▶ [RECORDS SUPPLIED]

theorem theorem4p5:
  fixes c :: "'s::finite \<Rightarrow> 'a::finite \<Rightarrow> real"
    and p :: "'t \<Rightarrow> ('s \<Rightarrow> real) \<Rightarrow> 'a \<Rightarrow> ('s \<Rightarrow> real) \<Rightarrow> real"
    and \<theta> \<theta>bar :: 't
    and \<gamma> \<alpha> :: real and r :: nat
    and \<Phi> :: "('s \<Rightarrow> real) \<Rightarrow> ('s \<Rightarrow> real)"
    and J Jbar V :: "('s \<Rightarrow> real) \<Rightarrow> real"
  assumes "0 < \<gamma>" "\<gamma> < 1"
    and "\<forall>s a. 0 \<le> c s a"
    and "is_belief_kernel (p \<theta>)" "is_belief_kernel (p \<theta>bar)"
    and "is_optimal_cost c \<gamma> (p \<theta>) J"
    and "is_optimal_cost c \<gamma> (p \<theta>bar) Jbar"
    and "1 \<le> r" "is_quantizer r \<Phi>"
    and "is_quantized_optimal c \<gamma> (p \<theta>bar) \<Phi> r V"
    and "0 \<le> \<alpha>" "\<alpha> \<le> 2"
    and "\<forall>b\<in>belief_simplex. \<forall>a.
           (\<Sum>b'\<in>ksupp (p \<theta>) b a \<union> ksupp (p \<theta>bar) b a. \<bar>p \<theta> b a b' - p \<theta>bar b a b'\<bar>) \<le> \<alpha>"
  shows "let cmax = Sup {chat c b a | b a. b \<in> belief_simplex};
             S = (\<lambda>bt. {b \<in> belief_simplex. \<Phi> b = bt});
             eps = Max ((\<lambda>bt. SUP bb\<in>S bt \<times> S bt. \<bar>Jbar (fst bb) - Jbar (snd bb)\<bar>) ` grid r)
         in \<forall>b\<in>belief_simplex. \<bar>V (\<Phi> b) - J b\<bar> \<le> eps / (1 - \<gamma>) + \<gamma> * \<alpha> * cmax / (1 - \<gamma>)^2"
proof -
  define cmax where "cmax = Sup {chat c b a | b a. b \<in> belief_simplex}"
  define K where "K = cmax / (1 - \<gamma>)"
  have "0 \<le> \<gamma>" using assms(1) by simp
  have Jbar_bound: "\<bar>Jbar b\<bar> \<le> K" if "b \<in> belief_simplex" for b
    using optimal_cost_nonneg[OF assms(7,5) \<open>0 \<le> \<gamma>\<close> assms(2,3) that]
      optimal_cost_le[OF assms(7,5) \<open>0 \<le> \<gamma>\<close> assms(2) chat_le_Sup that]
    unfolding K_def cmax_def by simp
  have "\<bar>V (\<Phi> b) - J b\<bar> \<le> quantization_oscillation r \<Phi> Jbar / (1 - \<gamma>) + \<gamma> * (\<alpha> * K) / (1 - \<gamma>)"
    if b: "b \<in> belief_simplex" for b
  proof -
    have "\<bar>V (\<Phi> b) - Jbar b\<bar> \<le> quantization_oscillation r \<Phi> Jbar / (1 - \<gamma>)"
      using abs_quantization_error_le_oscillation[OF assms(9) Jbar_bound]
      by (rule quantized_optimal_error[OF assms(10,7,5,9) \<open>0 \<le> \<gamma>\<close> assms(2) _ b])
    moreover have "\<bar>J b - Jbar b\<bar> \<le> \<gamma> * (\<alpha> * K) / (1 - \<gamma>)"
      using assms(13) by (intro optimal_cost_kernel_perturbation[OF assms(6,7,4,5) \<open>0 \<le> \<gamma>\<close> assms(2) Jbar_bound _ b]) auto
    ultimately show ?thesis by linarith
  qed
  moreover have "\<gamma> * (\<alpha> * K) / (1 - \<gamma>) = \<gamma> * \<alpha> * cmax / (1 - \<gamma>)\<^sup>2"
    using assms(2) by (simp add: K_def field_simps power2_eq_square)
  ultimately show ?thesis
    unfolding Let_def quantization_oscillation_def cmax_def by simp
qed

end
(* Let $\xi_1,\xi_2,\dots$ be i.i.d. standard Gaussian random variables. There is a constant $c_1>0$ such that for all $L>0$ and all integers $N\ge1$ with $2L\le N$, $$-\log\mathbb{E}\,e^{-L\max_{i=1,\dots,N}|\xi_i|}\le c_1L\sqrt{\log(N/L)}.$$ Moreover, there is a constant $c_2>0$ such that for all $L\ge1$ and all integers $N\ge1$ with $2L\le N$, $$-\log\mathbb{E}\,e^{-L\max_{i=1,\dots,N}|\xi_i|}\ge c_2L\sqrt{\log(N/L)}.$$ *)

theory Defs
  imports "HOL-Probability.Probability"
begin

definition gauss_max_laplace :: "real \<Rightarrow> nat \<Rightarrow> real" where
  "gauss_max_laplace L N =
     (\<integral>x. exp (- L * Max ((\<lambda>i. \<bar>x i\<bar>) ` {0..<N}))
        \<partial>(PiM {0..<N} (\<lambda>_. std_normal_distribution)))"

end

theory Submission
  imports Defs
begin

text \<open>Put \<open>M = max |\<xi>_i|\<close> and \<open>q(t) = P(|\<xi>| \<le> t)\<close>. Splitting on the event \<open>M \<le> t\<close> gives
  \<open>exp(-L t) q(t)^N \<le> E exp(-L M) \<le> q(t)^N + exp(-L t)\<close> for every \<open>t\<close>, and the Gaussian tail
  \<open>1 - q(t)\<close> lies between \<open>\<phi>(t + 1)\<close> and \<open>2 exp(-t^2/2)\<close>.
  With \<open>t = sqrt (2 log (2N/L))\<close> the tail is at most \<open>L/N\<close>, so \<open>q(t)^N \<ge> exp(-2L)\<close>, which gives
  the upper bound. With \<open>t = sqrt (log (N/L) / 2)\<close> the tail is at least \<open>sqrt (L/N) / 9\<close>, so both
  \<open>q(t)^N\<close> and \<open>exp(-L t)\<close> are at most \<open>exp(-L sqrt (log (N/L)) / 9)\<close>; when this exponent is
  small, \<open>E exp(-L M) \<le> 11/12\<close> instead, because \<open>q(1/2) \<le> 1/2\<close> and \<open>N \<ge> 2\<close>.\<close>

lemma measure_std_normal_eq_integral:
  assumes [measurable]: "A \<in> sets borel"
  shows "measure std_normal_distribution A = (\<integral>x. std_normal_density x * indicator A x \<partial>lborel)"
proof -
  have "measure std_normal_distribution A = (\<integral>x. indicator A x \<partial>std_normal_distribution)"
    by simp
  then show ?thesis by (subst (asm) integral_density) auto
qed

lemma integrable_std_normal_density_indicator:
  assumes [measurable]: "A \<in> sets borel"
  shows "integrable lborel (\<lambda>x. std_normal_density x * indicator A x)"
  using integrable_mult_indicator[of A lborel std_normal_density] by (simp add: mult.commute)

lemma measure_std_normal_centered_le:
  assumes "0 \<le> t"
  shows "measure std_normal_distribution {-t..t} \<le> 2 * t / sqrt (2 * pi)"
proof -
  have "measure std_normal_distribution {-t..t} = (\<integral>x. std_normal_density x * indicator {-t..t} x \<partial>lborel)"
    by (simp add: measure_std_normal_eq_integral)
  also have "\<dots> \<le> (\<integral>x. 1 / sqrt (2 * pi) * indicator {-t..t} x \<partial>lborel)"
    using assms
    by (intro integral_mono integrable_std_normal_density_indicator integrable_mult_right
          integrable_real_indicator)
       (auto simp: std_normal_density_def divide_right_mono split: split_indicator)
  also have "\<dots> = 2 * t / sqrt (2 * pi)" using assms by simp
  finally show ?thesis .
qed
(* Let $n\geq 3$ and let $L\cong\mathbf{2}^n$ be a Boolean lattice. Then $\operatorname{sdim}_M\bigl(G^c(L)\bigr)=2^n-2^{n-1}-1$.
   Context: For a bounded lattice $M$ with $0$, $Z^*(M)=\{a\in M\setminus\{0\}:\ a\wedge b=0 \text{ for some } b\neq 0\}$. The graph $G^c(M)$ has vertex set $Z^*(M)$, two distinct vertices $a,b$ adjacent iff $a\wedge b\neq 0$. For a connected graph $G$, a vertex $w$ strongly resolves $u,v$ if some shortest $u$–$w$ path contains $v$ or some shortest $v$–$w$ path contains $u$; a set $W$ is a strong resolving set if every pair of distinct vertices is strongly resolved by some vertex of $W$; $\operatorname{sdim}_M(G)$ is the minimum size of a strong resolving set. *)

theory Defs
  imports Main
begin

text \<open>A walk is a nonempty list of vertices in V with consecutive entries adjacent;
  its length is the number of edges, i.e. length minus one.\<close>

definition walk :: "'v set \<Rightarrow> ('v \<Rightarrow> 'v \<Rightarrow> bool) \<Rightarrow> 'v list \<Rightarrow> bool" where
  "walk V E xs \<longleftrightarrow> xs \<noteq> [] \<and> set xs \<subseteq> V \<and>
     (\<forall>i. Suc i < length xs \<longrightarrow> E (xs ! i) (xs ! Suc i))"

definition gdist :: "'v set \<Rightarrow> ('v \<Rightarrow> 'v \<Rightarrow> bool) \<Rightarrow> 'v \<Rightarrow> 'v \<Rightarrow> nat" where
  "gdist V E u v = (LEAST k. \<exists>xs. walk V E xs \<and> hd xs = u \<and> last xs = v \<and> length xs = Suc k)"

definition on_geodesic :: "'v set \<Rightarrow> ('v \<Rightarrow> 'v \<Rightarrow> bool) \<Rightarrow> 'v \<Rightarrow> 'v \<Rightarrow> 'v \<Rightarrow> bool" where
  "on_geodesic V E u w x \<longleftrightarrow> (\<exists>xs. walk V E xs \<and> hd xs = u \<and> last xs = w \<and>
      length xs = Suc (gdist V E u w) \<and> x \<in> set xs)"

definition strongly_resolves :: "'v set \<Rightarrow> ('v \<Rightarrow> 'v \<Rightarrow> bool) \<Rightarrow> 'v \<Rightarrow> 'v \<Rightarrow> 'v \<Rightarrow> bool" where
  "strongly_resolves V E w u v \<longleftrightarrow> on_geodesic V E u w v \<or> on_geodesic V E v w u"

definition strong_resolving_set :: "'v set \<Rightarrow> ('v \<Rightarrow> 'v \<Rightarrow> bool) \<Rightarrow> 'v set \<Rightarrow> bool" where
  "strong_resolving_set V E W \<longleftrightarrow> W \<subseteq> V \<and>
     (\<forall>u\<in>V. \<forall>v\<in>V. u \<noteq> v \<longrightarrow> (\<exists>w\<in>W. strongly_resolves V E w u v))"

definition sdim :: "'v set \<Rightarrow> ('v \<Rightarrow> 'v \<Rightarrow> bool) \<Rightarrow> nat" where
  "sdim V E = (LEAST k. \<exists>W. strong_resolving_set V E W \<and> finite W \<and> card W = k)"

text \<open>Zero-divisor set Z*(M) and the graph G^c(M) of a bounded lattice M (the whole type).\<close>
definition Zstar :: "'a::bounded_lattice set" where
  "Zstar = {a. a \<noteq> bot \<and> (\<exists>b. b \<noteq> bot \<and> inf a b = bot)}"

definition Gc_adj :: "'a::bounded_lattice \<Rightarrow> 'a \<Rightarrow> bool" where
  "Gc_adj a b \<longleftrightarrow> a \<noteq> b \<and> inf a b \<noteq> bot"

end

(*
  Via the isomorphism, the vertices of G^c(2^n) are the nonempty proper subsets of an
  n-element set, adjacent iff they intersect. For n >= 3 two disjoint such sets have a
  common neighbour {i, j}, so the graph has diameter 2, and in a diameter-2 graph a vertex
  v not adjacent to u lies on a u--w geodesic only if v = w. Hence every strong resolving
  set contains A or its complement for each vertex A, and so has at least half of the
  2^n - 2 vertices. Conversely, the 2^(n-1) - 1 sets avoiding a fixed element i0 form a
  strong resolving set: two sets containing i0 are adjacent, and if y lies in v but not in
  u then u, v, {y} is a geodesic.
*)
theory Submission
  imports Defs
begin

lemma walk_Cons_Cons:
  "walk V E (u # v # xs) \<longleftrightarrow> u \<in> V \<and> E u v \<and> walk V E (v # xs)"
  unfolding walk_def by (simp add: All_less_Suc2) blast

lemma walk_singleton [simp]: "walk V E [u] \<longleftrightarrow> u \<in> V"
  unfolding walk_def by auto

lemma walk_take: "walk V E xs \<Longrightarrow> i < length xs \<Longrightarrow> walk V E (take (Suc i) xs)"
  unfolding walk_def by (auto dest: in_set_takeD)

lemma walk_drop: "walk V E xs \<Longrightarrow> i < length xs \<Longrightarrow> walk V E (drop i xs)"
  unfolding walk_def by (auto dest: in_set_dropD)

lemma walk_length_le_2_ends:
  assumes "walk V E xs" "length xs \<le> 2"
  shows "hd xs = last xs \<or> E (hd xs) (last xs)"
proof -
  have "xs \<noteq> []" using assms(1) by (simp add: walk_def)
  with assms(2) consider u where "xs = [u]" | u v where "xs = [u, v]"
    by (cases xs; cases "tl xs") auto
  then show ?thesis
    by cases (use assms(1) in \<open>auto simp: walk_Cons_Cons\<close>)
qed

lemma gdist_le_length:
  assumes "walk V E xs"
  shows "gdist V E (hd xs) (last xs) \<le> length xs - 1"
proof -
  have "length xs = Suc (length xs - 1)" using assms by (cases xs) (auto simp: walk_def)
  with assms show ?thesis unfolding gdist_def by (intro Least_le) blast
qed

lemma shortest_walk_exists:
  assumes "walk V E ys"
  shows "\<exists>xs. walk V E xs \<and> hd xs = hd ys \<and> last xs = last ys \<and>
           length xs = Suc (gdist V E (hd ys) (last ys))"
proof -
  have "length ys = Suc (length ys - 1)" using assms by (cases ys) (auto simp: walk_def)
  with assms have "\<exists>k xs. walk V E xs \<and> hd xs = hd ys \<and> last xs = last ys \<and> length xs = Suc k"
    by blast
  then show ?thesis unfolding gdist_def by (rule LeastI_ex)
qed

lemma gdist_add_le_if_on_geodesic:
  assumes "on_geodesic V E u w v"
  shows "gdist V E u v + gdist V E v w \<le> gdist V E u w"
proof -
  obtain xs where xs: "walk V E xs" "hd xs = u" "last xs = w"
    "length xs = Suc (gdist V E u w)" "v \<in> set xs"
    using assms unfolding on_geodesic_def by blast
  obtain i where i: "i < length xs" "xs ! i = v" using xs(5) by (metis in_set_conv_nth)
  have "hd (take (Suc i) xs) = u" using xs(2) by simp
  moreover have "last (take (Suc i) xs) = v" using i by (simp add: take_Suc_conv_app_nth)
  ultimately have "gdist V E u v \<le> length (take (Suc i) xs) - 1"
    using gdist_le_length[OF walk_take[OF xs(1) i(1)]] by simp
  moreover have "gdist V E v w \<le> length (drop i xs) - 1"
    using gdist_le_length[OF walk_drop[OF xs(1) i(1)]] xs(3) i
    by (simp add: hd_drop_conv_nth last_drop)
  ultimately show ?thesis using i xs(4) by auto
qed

▶ [ABOUT THIS TASK]
In the entries above, the lines from the one bearing "strong resolving set: two" up to and including the one bearing "unfolding walk_def by auto" should be transcribed exactly; no other line is wanted.

▶ [RESULT OF THE TASK]
  strong resolving set: two sets containing i0 are adjacent, and if y lies in v but not in
  u then u, v, {y} is a geodesic.
*)
theory Submission
  imports Defs
begin

lemma walk_Cons_Cons:
  "walk V E (u # v # xs) \<longleftrightarrow> u \<in> V \<and> E u v \<and> walk V E (v # xs)"
  unfolding walk_def by (simp add: All_less_Suc2) blast

lemma walk_singleton [simp]: "walk V E [u] \<longleftrightarrow> u \<in> V"
  unfolding walk_def by auto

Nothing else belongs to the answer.